Foundation Models in Medical Imaging: A Review and Outlook

Foundation Models in Medical Imaging: A Review and Outlook

Medical image analysis has traditionally relied on specialized solutions, each optimized for a particular modality, task, or dataset. While effective in controlled settings, these approaches struggle with the realities of clinical practice: limited annotations, significant domain shifts, and wide variability across institutions and imaging technologies. Foundation models offer a promising alternative by learning reusable representations from large-scale data and adapting them to many downstream tasks. This review highlights how this paradigm is shaping medical imaging today.

Technical Background

Foundation models in medical imaging build on a few core ideas. Central to the approach is large-scale pre-training, where models learn general representations from broad and diverse data before being adapted to specific tasks. Insights from scaling laws and emergent behavior suggest that increasing data, model capacity, and training signal can unlock capabilities not present at smaller scales.

Technically, these models rely on flexible architectures—commonly convolutional networks, transformers, or hybrids—that are designed for reuse across tasks. Self-supervised learning is the dominant pre-training strategy, with discriminative, generative, and multimodal objectives. Downstream adaptation ranges from lightweight probing or prompt-based strategies to parameter-efficient or full fine-tuning, depending on task complexity and available data. Together, these components define “foundation” in practice: a scalable, reusable, and adaptable paradigm rather than a single model.

Foundation models are progressing differently across medical imaging domains, shaped by the type of data and clinical workflows.

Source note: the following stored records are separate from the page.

(* For every positive integer $r$ and indices $a_1,b_1,\dots,b_r\in\{1,\dots,n\}$, the following holds in $\mathcal{M}=\bar A/J$: $$\partial_{a_1}x^{b_1}x^{b_2}\cdots x^{b_r}+J=\sum_{c_2,\dots,c_r}S^{b_1b_2\cdots b_r}_{a_1c_2\cdots c_r}(H+r-1)\,x^{c_2}x^{c_3}\cdots x^{c_r}+J,$$ where $S$ is defined by $S_a^b(K)=\delta_a^b$ and, for $r\ge2$, $$S^{b_1\cdots b_r}_{a_1\cdots a_r}(K)=\delta^{b_1}_{a_1}\cdots\delta^{b_r}_{a_r}+\sum_tR^{b_1t}_{a_1a_2}(K-r+1)\,S^{b_2\cdots b_r}_{ta_3\cdots a_r}(K),$$ equivalently $S^{b_1\cdots b_r}_{a_1\cdots a_r}(H)=\delta^{b_1}_{a_1}\cdots\delta^{b_r}_{a_r}+R^{b_1c_2}_{a_1a_2}(H-r+1)\delta^{b_2}_{c_2}\delta^{b_3}_{a_3}\cdots\delta^{b_r}_{a_r}+R^{b_1c_2}_{a_1a_2}(H-r+1)R^{b_2c_3}_{c_2a_3}(H-r+2)\delta^{b_3}_{c_3}\delta^{b_4}_{a_4}\cdots\delta^{b_r}_{a_r}+\cdots+R^{b_1c_2}_{a_1a_2}(H-r+1)\cdots R^{b_{r-1}b_r}_{c_{r-1}a_r}(H-1)$ (summing over repeated indices).
   Context: $W_\eta(2n)$ is the unital associative $\mathbb{C}$-algebra generated by $x^a,\partial_a$ ($a=1,\dots,n$) and central $\eta_{ab},\eta^{ab}$ with $x^ax^b=x^bx^a$, $\partial_a\partial_b=\partial_b\partial_a$, $\partial_ax^b-x^b\partial_a=\delta_a^b$, $\eta_{ab}=\eta_{ba}$, $\sum_b\eta_{ab}\eta^{bc}=\delta_a^c$; $n\ge3$. Repeated upper/lower indices are summed; $x_a=\eta_{ab}x^b$, $\partial^a=\eta^{ab}\partial_b$, $E=\frac i2\partial_a\partial^a$, $F=\frac i2x_ax^a$, $H=-\frac12(x^a\partial_a+\partial_ax^a)$. $A$ is the localization of $W_\eta(2n)$ at nonzero polynomials in $H$; $\mathrm{II}=AE+FA$; $\bar A=A/\mathrm{II}$ with product $\bar w\diamond\bar z=\overline{\sum_{k\ge0}\frac1{k!}(\operatorname{ad}F)^k(w)\psi_k(H)^{-1}(\operatorname{ad}E)^k(z)}$, $(\operatorname{ad}X)(y)=Xy-yX$, $\psi_0=1$, $\psi_k(H)=\prod_{j=1}^k(H+1+j-2k)$. In $\bar A$ bars are dropped and $\diamond$ is written as juxtaposition; elements $g(H)\in\mathbb{C}[\eta](H)$ are identified with their classes, and $x^a g(H)=g(H+1)x^a$, $\partial_a g(H)=g(H-1)\partial_a$ in $\bar A$. The rational dynamical $R$-matrix is $R^{bd}_{ac}(H)=\delta^b_c\delta^d_a+\eta_{ac}\eta^{bd}\frac1{H+1}$, so that $\partial_ax^b=\delta_a^b+R^{bd}_{ac}(H)x^c\partial_d$ in $\bar A$. $J=\sum_a\bar A\,\partial_a$ is the left ideal generated by the $\partial_a$, and $\mathcal{M}=\bar A/J$. *)

theory Defs
  imports Main
begin

definition kd :: "nat \<Rightarrow> nat \<Rightarrow> 'r::ring_1" where
  "kd i j = (if i = j then 1 else 0)"

text \<open>Two-sided inverse of a ring element (meaningful when it exists).\<close>
definition rinv :: "'r::ring_1 \<Rightarrow> 'r" where
  "rinv y = (THE z. y * z = 1 \<and> z * y = 1)"

text \<open>Rational dynamical R-matrix:
  R^{bd}_{ac}(K) = delta^b_c delta^d_a + eta_{ac} eta^{bd} (K+1)^{-1}.
  Arguments in the order b d a c.\<close>
definition Rmat :: "(nat \<Rightarrow> nat \<Rightarrow> 'r::ring_1) \<Rightarrow> (nat \<Rightarrow> nat \<Rightarrow> 'r) \<Rightarrow>
    nat \<Rightarrow> nat \<Rightarrow> nat \<Rightarrow> nat \<Rightarrow> 'r \<Rightarrow> 'r" where
  "Rmat etal etau b d a c K = kd b c * kd d a + etal a c * etau b d * rinv (K + 1)"

text \<open>S^{b_1...b_r}_{a_1...a_r}(K), upper indices first (list bs), lower indices second (list as).
  For r = length bs + 2 the shift K - r + 1 equals K - (length bs + 1).\<close>
fun Smat :: "nat \<Rightarrow> (nat \<Rightarrow> nat \<Rightarrow> 'r::ring_1) \<Rightarrow> (nat \<Rightarrow> nat \<Rightarrow> 'r) \<Rightarrow>
    nat list \<Rightarrow> nat list \<Rightarrow> 'r \<Rightarrow> 'r" where
  "Smat n etal etau [b] [a] K = kd a b"
| "Smat n etal etau (b1 # b2 # bs) (a1 # a2 # as) K =
     prod_list (map (\<lambda>(a, b). kd a b) (zip (a1 # a2 # as) (b1 # b2 # bs)))
     + (\<Sum>t\<in>{1..n}. Rmat etal etau b1 t a1 a2 (K - of_nat (length bs + 1))
                      * Smat n etal etau (b2 # bs) (t # as) K)"
| "Smat n etal etau _ _ K = 0"

end

(* Modulo the left ideal J generated by the d_a, move d_a to the right through the first
   factor with d_a x^b = delta + R(H) x^c d_e and reduce d_e x^{b_2}...x^{b_r} by induction.
   The resulting x^c must then be pushed left through the coefficients S(...): since
   x^c g(H) = g(H + 1) x^c, this raises their dynamical argument by one, and the
   recursion obtained for the coefficients is exactly the defining recursion of S.
   Only the relation for d_a x^b, the shift x^c H = (H + 1) x^c, invertibility of the
   H + k and centrality of eta are needed. *)
theory Submission
  imports Defs
begin

lemma kd_eq_of_bool: "kd a b = of_bool (a = b)"
  by (simp add: kd_def)

lemma prod_list_kd: "prod_list (map (\<lambda>(a, b). kd a b) zs) = of_bool (\<forall>(a, b)\<in>set zs. a = b)"
  by (induction zs) (auto simp: kd_def)

lemma prod_list_kd_zip:
  "length as = length bs \<Longrightarrow> prod_list (map (\<lambda>(a, b). kd a b) (zip as bs)) = of_bool (as = bs)"
  by (simp add: prod_list_kd list_eq_iff_zip_eq)

lemma rinv_eqI:
  assumes "y * z = 1" "z * y = (1::'r::ring_1)"
  shows "rinv y = z"
  unfolding rinv_def
proof (rule the_equality)
  show "y * z = 1 \<and> z * y = 1" using assms by simp
  fix w assume w: "y * w = 1 \<and> w * y = 1"
  have "w = w * (y * z)" using assms by simp
  also have "\<dots> = (w * y) * z" by (simp only: mult.assoc)
  finally show "w = z" using w by simp
qed

lemma intertwine_inverse:
  fixes x a b a' b' :: "'r::ring_1"
  assumes "x * a = b * x" "a * a' = 1" "b' * b = 1"
  shows "x * a' = b' * x"
proof -
  have "x * a' = b' * b * x * a'" using assms(3) by simp
  also have "\<dots> = b' * (x * a) * a'" using assms(1) by (simp only: mult.assoc)
  also have "\<dots> = b' * x * (a * a')" by (simp only: mult.assoc)
  finally show ?thesis using assms(2) by simp
qed

lemma Rmat_intertwine:
  fixes x K :: "'r::ring_1"
  assumes etal_central: "\<And>a c y. etal a c * y = y * etal a c"
    and etau_central: "\<And>b e y. etau b e * y = y * etau b e"
    and x_K: "x * K = (K + 1) * x"
    and inv1: "(K + 1) * rinv (K + 1) = 1"
    and inv2: "rinv (K + 2) * (K + 2) = 1"
  shows "x * Rmat etal etau b e a c K = Rmat etal etau b e a c (K + 1) * x"
proof -
  have "x * (K + 1) = (K + 1 + 1) * x"
    using x_K by (simp add: distrib_left distrib_right)
  also have "K + 1 + 1 = K + 2"
    by (simp add: add.assoc)
  finally have "x * (K + 1) = (K + 2) * x" .
  then have x_rinv: "x * rinv (K + 1) = rinv (K + 2) * x"
    using inv1 inv2 by (rule intertwine_inverse)
  have eta: "x * (etal a c * etau b e * z) = etal a c * etau b e * (x * z)" for z
    by (metis etal_central etau_central mult.assoc)
  show ?thesis
    unfolding Rmat_def distrib_left distrib_right eta x_rinv
    by (simp add: kd_eq_of_bool add.assoc mult.assoc)
qed

lemma Smat_intertwine:
  fixes x K L :: "'r::ring_1"
  assumes x_Rmat: "\<And>L b e a c. L - K \<in> \<int> \<Longrightarrow>
      x * Rmat etal etau b e a c L = Rmat etal etau b e a c (L + 1) * x"
    and "L - K \<in> \<int>"
  shows "x * Smat n etal etau bs as L = Smat n etal etau bs as (L + 1) * x"
  using assms
proof (induction n etal etau bs as L rule: Smat.induct)
  case (2 n etal etau b1 b2 bs a1 a2 as L)
  let ?R = "\<lambda>t L. Rmat etal etau b1 t a1 a2 L"
    and ?S = "\<lambda>t L. Smat n etal etau (b2 # bs) (t # as) L"
  define j :: 'r where "j = of_nat (length bs + 1)"
  have "L - j - K \<in> \<int>"
    using 2(3) unfolding j_def by (metis Ints_diff Ints_of_nat diff_right_commute)
  then have R: "x * ?R t (L - j) = ?R t (L + 1 - j) * x" for t
    using 2(2) by (simp add: diff_add_eq)
  have S: "x * ?S t L = ?S t (L + 1) * x" if "t \<in> {1..n}" for t
    using 2 that by blast
  have "x * (?R t (L - j) * ?S t L) = ?R t (L + 1 - j) * ?S t (L + 1) * x" if "t \<in> {1..n}" for t
    by (simp only: mult.assoc[symmetric] R) (simp only: mult.assoc S[OF that])
  then have "(\<Sum>t\<in>{1..n}. x * (?R t (L - j) * ?S t L))
      = (\<Sum>t\<in>{1..n}. ?R t (L + 1 - j) * ?S t (L + 1) * x)"
    by (rule sum.cong[OF refl])
  then show ?case
    unfolding Smat.simps j_def[symmetric] distrib_left sum_distrib_left distrib_right sum_distrib_right
      prod_list_kd
    by simp
qed (simp_all add: kd_eq_of_bool)

lemma Smat_Cons_Cons_shifted:
  assumes "length cs = length bs"
  shows "Smat n etal etau (b1 # b2 # bs) (a1 # a2 # cs) (K + of_nat (Suc (length bs)))
    = of_bool (a1 # a2 # cs = b1 # b2 # bs)
      + (\<Sum>t\<in>{1..n}. Rmat etal etau b1 t a1 a2 K
          * Smat n etal etau (b2 # bs) (t # cs) (K + of_nat (Suc (length bs))))"
  unfolding Smat.simps using assms by (subst prod_list_kd_zip) simp_all

definition left_ideal_gen :: "'i set \<Rightarrow> ('i \<Rightarrow> 'r::ring_1) \<Rightarrow> 'r set" where
  "left_ideal_gen A g = {u. \<exists>y. u = (\<Sum>a\<in>A. y a * g a)}"

lemma left_ideal_gen_generator:
  assumes "finite A" "a \<in> A"
  shows "g a \<in> left_ideal_gen A g"
  unfolding left_ideal_gen_def
  by (rule CollectI, rule exI[of _ "\<lambda>b. of_bool (b = a)"]) (simp add: assms if_distrib cong: if_cong)

lemma left_ideal_gen_zero: "0 \<in> left_ideal_gen A g"
  unfolding left_ideal_gen_def by (auto intro: exI[of _ "\<lambda>_. 0"])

Pathology has led early development. Models initially focused on individual tissue patches but have scaled to whole-slide images and multi-task applications. Large datasets and high-resolution imaging have enabled strong performance across diverse pathology tasks. Key challenges include representing rare conditions, adapting models originally designed for natural images, and balancing efficiency with contextual understanding. Tile-level models offer practical efficiency and robustness, while slide-level models promise richer context but require significant computational resources.

Radiology has not seen the same rapid development of foundation models as pathology, but steady progress is being made. Recent work highlights the importance of scaling training data, improving data quality, and focusing on vision-specific tasks such as segmentation, localization, and disease detection. Challenges remain, including the limited availability of large-scale 3D datasets, reliance on 2D slices or pretrained networks, and the high computational demands of volumetric model training.

Ophthalmology emphasizes efficiency and multi-modality in 2D imaging. Vision models dominate, as opposed to multimodal vision-language approaches. Fewer models integrate textual reports, and research outside retinal imaging is still emerging. Current work focuses on expanding modality coverage and improving computational efficiency, while ongoing development aims to strengthen clinical integration.

Open Challenges

Despite rapid progress, foundation models in medical imaging face several key challenges:

Data Access and Quality Large-scale clinical datasets are often limited by privacy and institutional restrictions. Public datasets may lack full 3D volumes or diverse imaging conditions. Meanwhile, recent research is also suggesting that careful curation of diverse, high-quality data can be more effective than simply increasing dataset size.

Computational Resources High-resolution whole-slide images and volumetric scans require substantial compute, making efficient architectures and parameter-efficient fine-tuning essential.

Domain Adaptation and Robustness Models developed for natural images need adaptation to medical imaging, accounting for differences in orientation, color, and context. Furthermore, robustness across scanners, protocols, and institutions is critical, as model size alone does not ensure generalization.

Interpretability, Fairness, and Clinical Integration Foundation models must provide transparent outputs, avoid bias against underrepresented populations, and meet regulatory requirements. Continual learning is needed for adaptation to new tasks or evolving clinical knowledge.

Addressing these challenges is essential for translating foundation models from research into reliable clinical tools.